Haunted houses are a huge cultural attraction for students, who enjoy a chance to get the scare of a lifetime each year, but what it is that keeps people coming back?

According to BYU psychology professor Hal Miller, most of what we fear in our lives is conditioned. Some fears, such as fear of the dark, heights or simply reactionary fears are considered natural. But as a child, people learn what to fear.

Much of this learned fear results from familiar stories that individuals grow up hearing. These stories often depict certain animals, creatures, beings or even people as evil, creating a conditioned fear.

“Around Halloween, we give way to situations where we don’t have that control,” Miller said. “(We) deliberately place (ourselves) in a situation where (we) don’t have control, in order to be frightened and that’s a form of entertainment.”

Miller says the entertainment is primarily being with other people. When with other people, one can turn to them to be reassured about the unreality of the situation.

“It becomes a different experience if I’m alone,” Miller said. “There’s something about being with other people and something about having one’s heart rate increase but not interminably.
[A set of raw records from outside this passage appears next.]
(*
  The stepsize is bounded below as soon as the model reduction Delta q_k dominates ||d_k||^2
  uniformly in k.  Write d_k = u + v with J_k u = 0 and ||v|| <= ||c_k|| / s, where s bounds the
  singular values of J_k^T from below.  Since u^T H_k d_k = - g_k^T u, the curvature of H_k on the
  null space bounds u, so g_k^T d_k + max(d_k^T H_k d_k, 0) = O(||c_k||_1) and the merit parameter
  never drops below some tau_min > 0.  Moreover either d_k^T H_k d_k >= (zeta/8) ||d_k||^2 (u
  dominates) or ||d_k||^2 = O(||c_k||_1) (v dominates); in both cases Delta q_k >= kappa ||d_k||^2.

  Lipschitz continuity of the gradients gives, for alpha <= 1,
    phi(x_k + alpha d_k, tau_k) <= phi(x_k, tau_k) - alpha Delta q_k
                                   + (tau_k L + sum_i gamma_i) alpha^2 ||d_k||^2 / 2,
  so (SD) holds for every alpha below a threshold independent of k.  Backtracking (Algorithm 2)
  therefore stops above nu times this threshold.  In Algorithm 1 an estimate L_{k,j} or
  gamma_{k,i,j} is only increased while it is below the true Lipschitz constant, so Lambda_{k,j}
  stays bounded and alpha_k >= min{1, 2 (1 - eta) kappa / Lambda_max}.
*)

theory Submission
  imports Defs
begin

section \<open>Lipschitz gradients\<close>

lemma lipschitz_gradient_taylor_bound:
  fixes F :: "'a::real_inner \<Rightarrow> real" and DF :: "'a \<Rightarrow> 'a"
  assumes X: "convex X" "open X"
    and der: "\<forall>z\<in>X. (F has_derivative (\<lambda>h. DF z \<bullet> h)) (at z)"
    and lip: "L-lipschitz_on X DF"
    and x: "x \<in> X" and xe: "x + e \<in> X"
  shows "\<bar>F (x + e) - F x - DF x \<bullet> e\<bar> \<le> L / 2 * (norm e)\<^sup>2"
proof -
  have segment: "x + t *\<^sub>R e \<in> X" if "0 \<le> t" "t \<le> 1" for t
    using convexD_alt[OF X(1) x xe that] by (simp add: algebra_simps)
  have D: "((\<lambda>t. F (x + t *\<^sub>R e)) has_real_derivative (DF (x + t *\<^sub>R e) \<bullet> e)) (at t)"
    if "0 \<le> t" "t \<le> 1" for t
  proof -
    have "((\<lambda>t. x + t *\<^sub>R e) has_derivative (\<lambda>s. s *\<^sub>R e)) (at t)"
      by (auto intro!: derivative_eq_intros)
    moreover have "(F has_derivative (\<lambda>h. DF (x + t *\<^sub>R e) \<bullet> h)) (at (x + t *\<^sub>R e))"
      using der segment[OF that] by blast
    ultimately have "((\<lambda>t. F (x + t *\<^sub>R e)) has_derivative (\<lambda>s. DF (x + t *\<^sub>R e) \<bullet> (s *\<^sub>R e)))
      (at t)"
      by (rule has_derivative_compose)
    then show ?thesis by (simp add: has_field_derivative_def mult.commute[of _ "DF _ \<bullet> e"])
  qed
  have slope: "\<bar>DF (x + t *\<^sub>R e) \<bullet> e - DF x \<bullet> e\<bar> \<le> L * t * (norm e)\<^sup>2" if "0 \<le> t" "t \<le> 1" for t
  proof -
    have "\<bar>DF (x + t *\<^sub>R e) \<bullet> e - DF x \<bullet> e\<bar> \<le> norm (DF (x + t *\<^sub>R e) - DF x) * norm e"
      unfolding inner_diff_left[symmetric] by (rule Cauchy_Schwarz_ineq2)
    also have "\<dots> \<le> L * norm (t *\<^sub>R e) * norm e"
      using lipschitz_onD[OF lip segment[OF that] x] by (simp add: dist_norm mult_right_mono)
    finally show ?thesis using that by (simp add: power2_eq_square mult.assoc)
  qed
  define p where "p t = F (x + t *\<^sub>R e) - t * (DF x \<bullet> e) - L / 2 * t\<^sup>2 * (norm e)\<^sup>2" for t
  define q where "q t = F (x + t *\<^sub>R e) - t * (DF x \<bullet> e) + L / 2 * t\<^sup>2 * (norm e)\<^sup>2" for t
  have "p 1 \<le> p 0"
  proof (rule DERIV_nonpos_imp_nonincreasing[of 0 1])
    fix t :: real assume t: "0 \<le> t" "t \<le> 1"
    have "(p has_real_derivative (DF (x + t *\<^sub>R e) \<bullet> e - DF x \<bullet> e - L * t * (norm e)\<^sup>2)) (at t)"
      unfolding p_def by (rule derivative_eq_intros D[OF t] refl | simp)+
    with slope[OF t] show "\<exists>y. (p has_real_derivative y) (at t) \<and> y \<le> 0" by force
  qed simp
  moreover have "q 0 \<le> q 1"
  proof (rule DERIV_nonneg_imp_nondecreasing[of 0 1])
    fix t :: real assume t: "0 \<le> t" "t \<le> 1"
    have "(q has_real_derivative (DF (x + t *\<^sub>R e) \<bullet> e - DF x \<bullet> e + L * t * (norm e)\<^sup>2)) (at t)"
      unfolding q_def by (rule derivative_eq_intros D[OF t] refl | simp)+
    with slope[OF t] show "\<exists>y. (q has_real_derivative y) (at t) \<and> 0 \<le> y" by force
  qed simp
  ultimately show ?thesis unfolding p_def q_def abs_le_iff by simp
qed

lemma lipschitz_gradient_step_bounds:
  fixes F :: "'a::real_inner \<Rightarrow> real" and DF :: "'a \<Rightarrow> 'a"
  assumes X: "convex X" "open X"
    and der: "\<forall>z\<in>X. (F has_derivative (\<lambda>h. DF z \<bullet> h)) (at z)"
    and lip: "L-lipschitz_on X DF"
    and x: "x \<in> X" "x + a *\<^sub>R d \<in> X"
  shows "F (x + a *\<^sub>R d) \<le> F x + a * (DF x \<bullet> d) + (1/2) * L * a\<^sup>2 * (norm d)\<^sup>2"
    and "\<bar>F (x + a *\<^sub>R d)\<bar> \<le> \<bar>F x + a * (DF x \<bullet> d)\<bar> + (1/2) * L * a\<^sup>2 * (norm d)\<^sup>2"
proof -
  have "\<bar>F (x + a *\<^sub>R d) - (F x + a * (DF x \<bullet> d))\<bar> \<le> (1/2) * L * a\<^sup>2 * (norm d)\<^sup>2"
    using lipschitz_gradient_taylor_bound[OF X der lip x]
    by (simp add: power_mult_distrib algebra_simps)
  then show "F (x + a *\<^sub>R d) \<le> F x + a * (DF x \<bullet> d) + (1/2) * L * a\<^sup>2 * (norm d)\<^sup>2"
    and "\<bar>F (x + a *\<^sub>R d)\<bar> \<le> \<bar>F x + a * (DF x \<bullet> d)\<bar> + (1/2) * L * a\<^sup>2 * (norm d)\<^sup>2"
    by linarith+
qed

lemma has_derivative_component_matrix_vector:
  fixes c :: "real^'n \<Rightarrow> real^'m" and J :: "real^'n^'m"
  assumes "(c has_derivative (\<lambda>h. J *v h)) (at z)"
  shows "((\<lambda>z. c z $ i) has_derivative (\<lambda>h. J $ i \<bullet> h)) (at z)"
  using bounded_linear.has_derivative[OF bounded_linear_vec_nth[of i] assms]
  by (simp add: matrix_vector_mul_component)

section \<open>Decomposition of the step\<close>

lemma matrix_min_norm_preimage:
  fixes J :: "real^'n^'m" and c :: "real^'m"
  assumes s: "0 < s" and sv: "\<forall>w. s * norm w \<le> norm (transpose J *v w)"
  obtains v where "J *v v = c" and "s * norm v \<le> norm c"
proof -
  let ?f = "\<lambda>w. J *v (transpose J *v w)"
  have lin: "linear ?f"
    by (rule linear_compose[OF matrix_vector_mul_linear matrix_vector_mul_linear, unfolded o_def])
  have "inj ?f"
    unfolding linear_injective_0[OF lin]
  proof (intro allI impI)
    fix w assume "?f w = 0"
    then have "(transpose J *v w) \<bullet> (transpose J *v w) = 0" by (simp add: dot_lmul_matrix)
    then have "s * norm w \<le> 0" using sv by (metis inner_eq_zero_iff norm_zero)
    then show "w = 0" using s by (simp add: mult_le_0_iff)
  qed
  then obtain w where w: "?f w = c"
    using linear_injective_imp_surjective[OF lin] by (metis surjD)
  define v where "v = transpose J *v w"
  have "(norm v)\<^sup>2 = w \<bullet> c" using w by (simp add: v_def dot_lmul_matrix power2_norm_eq_inner)
  also have "\<dots> \<le> norm w * norm c" by (rule order_trans[OF abs_ge_self Cauchy_Schwarz_ineq2])
  finally have vw: "(norm v)\<^sup>2 \<le> norm w * norm c" .
  have "s * norm v \<le> norm c"
  proof (cases "v = 0")
    case False
    have "norm v * (s * norm v) = s * (norm v)\<^sup>2" by (simp add: power2_eq_square)
    also have "\<dots> \<le> s * norm w * norm c" using vw s by (simp add: mult.assoc)
    also have "\<dots> \<le> norm v * norm c" using sv by (simp add: v_def mult_right_mono)
    finally show ?thesis using False by simp
  qed simp
  with w show thesis by (intro that[of v]) (simp_all add: v_def)
qed

lemma inner_matrix_vector_le:
  fixes H :: "real^'n^'m"
  assumes "\<forall>w. norm (H *v w) \<le> k * norm w"
  shows "\<bar>p \<bullet> (H *v q)\<bar> \<le> k * norm p * norm q"
proof -
  have "\<bar>p \<bullet> (H *v q)\<bar> \<le> norm p * norm (H *v q)" by (rule Cauchy_Schwarz_ineq2)
  also have "\<dots> \<le> norm p * (k * norm q)" using assms by (simp add: mult_left_mono)
  finally show ?thesis by (simp add: algebra_simps)
qed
It’s kind of like taking a new ride at the amusement park; we can always close our eyes.”

Miller emphasized how important the setting of the fear is when he said, “All of that can be transformed readily when one gets lost in the woods at night. What was so fun at Halloween is just the opposite now, because there is no one else there and the surprises aren’t controllable.”

The social reinforcements and controllable surprises were enough to draw in BYU junior Matt Swanson. Swanson said he thinks haunted houses are fun because it’s a chance to “look dumb” and “laugh at yourself and your friends for getting scared.”

Swanson said he finds scary movies scarier than haunted houses because in a scary movie he feels stuck — he can’t move like he could in a haunted house.

“I’m more scared of girls than haunted houses,” Swanson said.

BYU senior Ashley Lindenau, on the other hand, does not want to repeat her haunted house experience. At 15, Lindenau visited a haunted house with her parents and younger brother. She decided to go because otherwise she would’ve been at home alone, which she said was scarier than going.

“In the parking lot there were people walking around and scaring us and I started crying,” Lindenau said. “I wanted to go home but my parents wouldn’t let me. I was so scared and crying so this guy dressed up as a creepy nurse … started dancing and trying to make me laugh.”

Lindeau said she disliked the fear of the unknown and her lack of control in the situation.

Haunted houses won’t disappear and will perhaps pop up even earlier next year. Some haunted houses were opening mid-September this year.

“Halloween will go on exciting us through its frightmares for as far as we can see in the future. It’s here to stay,” Miller said.